▶ **REQUIREMENT**
Each line must appear in the answer exactly as it does in the data.

○ ○ ○

lemma fourier_expansion_levels_1:
  assumes "5 \<le> n"
    and odd_zero: "\<forall>x\<in>Pow {..<n}. odd (card x) \<longrightarrow> \<psi> x = 0"
    and levels: "\<forall>a\<in>Pow {..<n}. card a \<noteq> 1 \<longrightarrow> card a \<noteq> n - 1 \<longrightarrow> fourier n \<psi> a = 0"
    and x: "x \<subseteq> {..<n}" "even (card x)"
  shows "2 ^ n * \<psi> x = 2 * (\<Sum>i<n. fourier n \<psi> {i} * chi {i} x)"
proof -
  define g where "g a = fourier n \<psi> a * chi a x" for a
  define A1 where "A1 = (\<lambda>i. {i}) ` {..<n}"
  define A2 where "A2 = (\<lambda>i. {..<n} - {i}) ` {..<n}"
  have A2_card: "card a = n - 1" if "a \<in> A2" for a
    using that by (auto simp: A2_def card_Diff_singleton)
  have outside: "g a = 0" if "a \<in> Pow {..<n} - (A1 \<union> A2)" for a
  proof -
    have "card a \<noteq> 1" using that by (auto simp: A1_def card_1_singleton_iff)
    moreover have "card a \<noteq> n - 1"
    proof
      assume "card a = n - 1"
      moreover have "a \<subseteq> {..<n}" using that by blast
      ultimately have "card ({..<n} - a) = 1"
        using assms(1) by (simp add: card_Diff_subset finite_subset)
      then obtain i where i: "{..<n} - a = {i}" by (auto simp: card_1_singleton_iff)
      then have "a = {..<n} - {i}" "i < n" using that by auto
      then show False using that by (auto simp: A2_def)
    qed
    ultimately show ?thesis using levels that by (simp add: g_def)
  qed
  have "A1 \<inter> A2 = {}"
  proof -
    have "card a = 1" if "a \<in> A1" for a using that by (auto simp: A1_def)
    then show ?thesis using A2_card assms(1) by fastforce
  qed
  have "2 ^ n * \<psi> x = (\<Sum>a\<in>Pow {..<n}. g a)" using fourier_inversion[of x n \<psi>] x by (simp add: g_def)
  also have "\<dots> = (\<Sum>a\<in>A1 \<union> A2. g a)"
    by (rule sum.mono_neutral_right) (use outside in \<open>auto simp: A1_def A2_def\<close>)
  also have "\<dots> = (\<Sum>a\<in>A1. g a) + (\<Sum>a\<in>A2. g a)"
    using \<open>A1 \<inter> A2 = {}\<close> by (intro sum.union_disjoint) (auto simp: A1_def A2_def)
  also have "(\<Sum>a\<in>A1. g a) = (\<Sum>i<n. fourier n \<psi> {i} * chi {i} x)"
    unfolding A1_def g_def by (subst sum.reindex) (auto simp: inj_on_def)
  also have "(\<Sum>a\<in>A2. g a) = (\<Sum>i<n. fourier n \<psi> ({..<n} - {i}) * chi ({..<n} - {i}) x)"
    unfolding A2_def g_def by (subst sum.reindex) (auto simp: inj_on_def)
  also have "\<dots> = (\<Sum>i<n. fourier n \<psi> {i} * chi {i} x)"
    using fourier_complement_singleton[OF odd_zero] chi_complement_singleton[OF x] by simp
  finally show ?thesis by simp
qed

○ ○ ○

▶ **REPLY TO THE EXERCISE**
lemma fourier_expansion_levels_1:
  assumes "5 \<le> n"
    and odd_zero: "\<forall>x\<in>Pow {..<n}. odd (card x) \<longrightarrow> \<psi> x = 0"
    and levels: "\<forall>a\<in>Pow {..<n}. card a \<noteq> 1 \<longrightarrow> card a \<noteq> n - 1 \<longrightarrow> fourier n \<psi> a = 0"
    and x: "x \<subseteq> {..<n}" "even (card x)"
  shows "2 ^ n * \<psi> x = 2 * (\<Sum>i<n. fourier n \<psi> {i} * chi {i} x)"
proof -
  define g where "g a = fourier n \<psi> a * chi a x" for a
  define A1 where "A1 = (\<lambda>i. {i}) ` {..<n}"
  define A2 where "A2 = (\<lambda>i. {..<n} - {i}) ` {..<n}"
  have A2_card: "card a = n - 1" if "a \<in> A2" for a
    using that by (auto simp: A2_def card_Diff_singleton)
  have outside: "g a = 0" if "a \<in> Pow {..<n} - (A1 \<union> A2)" for a
  proof -
    have "card a \<noteq> 1" using that by (auto simp: A1_def card_1_singleton_iff)
    moreover have "card a \<noteq> n - 1"
    proof
      assume "card a = n - 1"
      moreover have "a \<subseteq> {..<n}" using that by blast
      ultimately have "card ({..<n} - a) = 1"
        using assms(1) by (simp add: card_Diff_subset finite_subset)
      then obtain i where i: "{..<n} - a = {i}" by (auto simp: card_1_singleton_iff)
      then have "a = {..<n} - {i}" "i < n" using that by auto
      then show False using that by (auto simp: A2_def)
    qed
    ultimately show ?thesis using levels that by (simp add: g_def)
  qed
  have "A1 \<inter> A2 = {}"
  proof -
    have "card a = 1" if "a \<in> A1" for a using that by (auto simp: A1_def)
    then show ?thesis using A2_card assms(1) by fastforce
  qed
  have "2 ^ n * \<psi> x = (\<Sum>a\<in>Pow {..<n}. g a)" using fourier_inversion[of x n \<psi>] x by (simp add: g_def)
  also have "\<dots> = (\<Sum>a\<in>A1 \<union> A2. g a)"
    by (rule sum.mono_neutral_right) (use outside in \<open>auto simp: A1_def A2_def\<close>)
  also have "\<dots> = (\<Sum>a\<in>A1. g a) + (\<Sum>a\<in>A2. g a)"
    using \<open>A1 \<inter> A2 = {}\<close> by (intro sum.union_disjoint) (auto simp: A1_def A2_def)
  also have "(\<Sum>a\<in>A1. g a) = (\<Sum>i<n. fourier n \<psi> {i} * chi {i} x)"
    unfolding A1_def g_def by (subst sum.reindex) (auto simp: inj_on_def)
  also have "(\<Sum>a\<in>A2. g a) = (\<Sum>i<n. fourier n \<psi> ({..<n} - {i}) * chi ({..<n} - {i}) x)"
    unfolding A2_def g_def by (subst sum.reindex) (auto simp: inj_on_def)
  also have "\<dots> = (\<Sum>i<n. fourier n \<psi> {i} * chi {i} x)"
    using fourier_complement_singleton[OF odd_zero] chi_complement_singleton[OF x] by simp
  finally show ?thesis by simp
qed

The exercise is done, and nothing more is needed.